A message hospital (or dead letter queue), where messages got sent if they failed

(written by lawrence krubner, however indented passages are often quotes). You can contact lawrence at: lawrence@krubner.com

I like this book very much. I also like the idea of a “message hospital”.

Page 57, Building Microservices, Sam Newman:

Time for a cautionary tale. Back in 2006, I was working on building a pricing system for a bank. We would look at market events, and work out which items in a portfolio needed to be repriced. Once we determined the list of things to work through, we put these all onto a message queue. We were making use of a grid to create a pool of pricing workers, allowing us to scale up and down the pricing farm on request. These workers used the competing consumer pattern, each one gobbling messages as fast as possible until there was nothing left to process.

The system was up and running, and we were feeling rather smug. One day, though, just after we pushed a released out, we hit a nasty problem. Our workers kept dying. And dying. And dying.

Eventually, we tracked down the problem. A bug had crept in whereby a certain type of pricing request would cause a worker to crash. We were using a transacted queue: as the worker died, its lock on the request timed out, and the pricing request was put back on the queue — only for another worker to pick it up and die. This was a classic example of what Martin Fowler calls a catastrophic failover.

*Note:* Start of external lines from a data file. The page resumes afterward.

(* For all $n\ge1$, $$q_n=\frac12nH_n-\frac12P_n,\qquad r_n=\frac12nP_n-\frac12P_n=\frac{n-1}{2}P_n.$$
   Context: Let $s=\sqrt3/2$. Consider the standard triangular lattice in the plane whose vertices are the points $(a+b/2,\,bs)$ with $a,b\in\mathbb Z$ and whose edges are the unit segments joining lattice points in the directions $0^\circ,60^\circ,120^\circ$; it divides the plane into unit equilateral triangles called cells. A small tile is a single cell; a large tile is an equilateral triangle of side $2$ whose vertices are lattice points (so it is a union of $4$ cells; it may point up or down). For a region $R$ that is a finite union of cells, a tiling of $R$ is a finite set of small and large tiles, each contained in $R$, with pairwise disjoint interiors and union equal to $R$. For $n\ge1$, the region $H_n$ is the union of the trapezoid with vertices $(0,0),(n,0),(n-\tfrac12,s),(\tfrac12,s)$ and the trapezoid with vertices $(\tfrac12,s),(n-\tfrac12,s),(n,2s),(0,2s)$ ($4n-2$ cells; for $n=1$ two unit triangles meeting at a point), and $P_n$ is $H_n$ with the cell with vertices $(n-1,0),(n,0),(n-\tfrac12,s)$ removed. $H_n$ and $P_n$ also denote the numbers of tilings of these regions; thus $H_n=\frac{(1+\sqrt2)^n+(1-\sqrt2)^n}{2}$ and $P_n=\frac{(1+\sqrt2)^n-(1-\sqrt2)^n}{2\sqrt2}$. Define $q_n$ (resp. $r_n$) as the sum, over all tilings of $H_n$ (resp. $P_n$), of the number of large tiles in the tiling. *)

theory Defs
  imports Complex_Main
begin

text \<open>Lattice coordinates: the lattice point (a,b) is the planar point (a + b/2, b*sqrt 3/2).
  Cells are encoded combinatorially:
  Up a b   = triangle with lattice vertices (a,b), (a+1,b), (a,b+1);
  Down a b = triangle with lattice vertices (a+1,b), (a,b+1), (a+1,b+1).
  Every cell of the triangular lattice is exactly one of these.
  A region (finite union of cells) is represented by its finite set of cells; a tile by the
  set of cells it consists of. Two tiles have disjoint interiors iff their cell sets are disjoint.\<close>

datatype cell = Up int int | Down int int

definition small_tile :: "cell set \<Rightarrow> bool" where
  "small_tile t \<longleftrightarrow> (\<exists>c. t = {c})"

text \<open>Large upward tile with lattice vertices (a,b),(a+2,b),(a,b+2).\<close>
definition large_up :: "int \<Rightarrow> int \<Rightarrow> cell set" where
  "large_up a b = {Up a b, Up (a+1) b, Up a (b+1), Down a b}"

text \<open>Large downward tile with lattice vertices (a+2,b),(a,b+2),(a+2,b+2).\<close>
definition large_down :: "int \<Rightarrow> int \<Rightarrow> cell set" where
  "large_down a b = {Down (a+1) b, Down a (b+1), Down (a+1) (b+1), Up (a+1) (b+1)}"

definition large_tile :: "cell set \<Rightarrow> bool" where
  "large_tile t \<longleftrightarrow> (\<exists>a b. t = large_up a b \<or> t = large_down a b)"

definition is_tiling :: "cell set \<Rightarrow> cell set set \<Rightarrow> bool" where
  "is_tiling R T \<longleftrightarrow> finite T \<and>
     (\<forall>t\<in>T. (small_tile t \<or> large_tile t) \<and> t \<subseteq> R) \<and>
     pairwise disjnt T \<and> \<Union>T = R"

definition tilings :: "cell set \<Rightarrow> cell set set set" where
  "tilings R = {T. is_tiling R T}"

definition num_tilings :: "cell set \<Rightarrow> nat" where
  "num_tilings R = card (tilings R)"

definition num_large :: "cell set set \<Rightarrow> nat" where
  "num_large T = card {t\<in>T. large_tile t}"

definition total_large :: "cell set \<Rightarrow> nat" where
  "total_large R = (\<Sum>T\<in>tilings R. num_large T)"

text \<open>The region H_n: bottom row (trapezoid (0,0),(n,0),(n-1/2,s),(1/2,s)) consists of
  Up a 0 (0 \<le> a \<le> n-1) and Down a 0 (0 \<le> a \<le> n-2); top row
  (trapezoid (1/2,s),(n-1/2,s),(n,2s),(0,2s)) consists of Up a 1 (0 \<le> a \<le> n-2) and
  Down a 1 (-1 \<le> a \<le> n-2).\<close>
definition H_region :: "nat \<Rightarrow> cell set" where
  "H_region n =
     {Up a 0 | a. 0 \<le> a \<and> a \<le> int n - 1} \<union> {Down a 0 | a. 0 \<le> a \<and> a \<le> int n - 2} \<union>
     {Up a 1 | a. 0 \<le> a \<and> a \<le> int n - 2} \<union> {Down a 1 | a. -1 \<le> a \<and> a \<le> int n - 2}"

text \<open>P_n: H_n minus the cell with vertices (n-1,0),(n,0),(n-1/2,s), i.e. Up (n-1) 0.\<close>
definition P_region :: "nat \<Rightarrow> cell set" where
  "P_region n = H_region n - {Up (int n - 1) 0}"

definition H :: "nat \<Rightarrow> nat" where "H n = num_tilings (H_region n)"
definition P :: "nat \<Rightarrow> nat" where "P n = num_tilings (P_region n)"
definition q :: "nat \<Rightarrow> nat" where "q n = total_large (H_region n)"
definition r :: "nat \<Rightarrow> nat" where "r n = total_large (P_region n)"

end

theory Submission
  imports Defs
begin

Aside from the bug itself, we’d failed to specify a maximum retry limit for the job on the queue. We fixed the bug itself, and also configured a maximum retry. But we also realized we needed a way to view, and potentially replay, these bad messages. We ended up having to implement a message hospital (or dead letter queue), where messages got sent if they failed. we also created a UI to view those messages and trety them if needed. These sorts of problems aren’t immediately obvious if you are only familiar with synchronous point-to-point communication.

The associated complexity with event-driven architectures and asynchronous programming in general leads me to believe that you should be cautious in how eagerly you start adopting these ideas. Ensure you have good monitoring in place, and strongly consider the use of correlation IDs, which allow you to trace requests across process boundaries.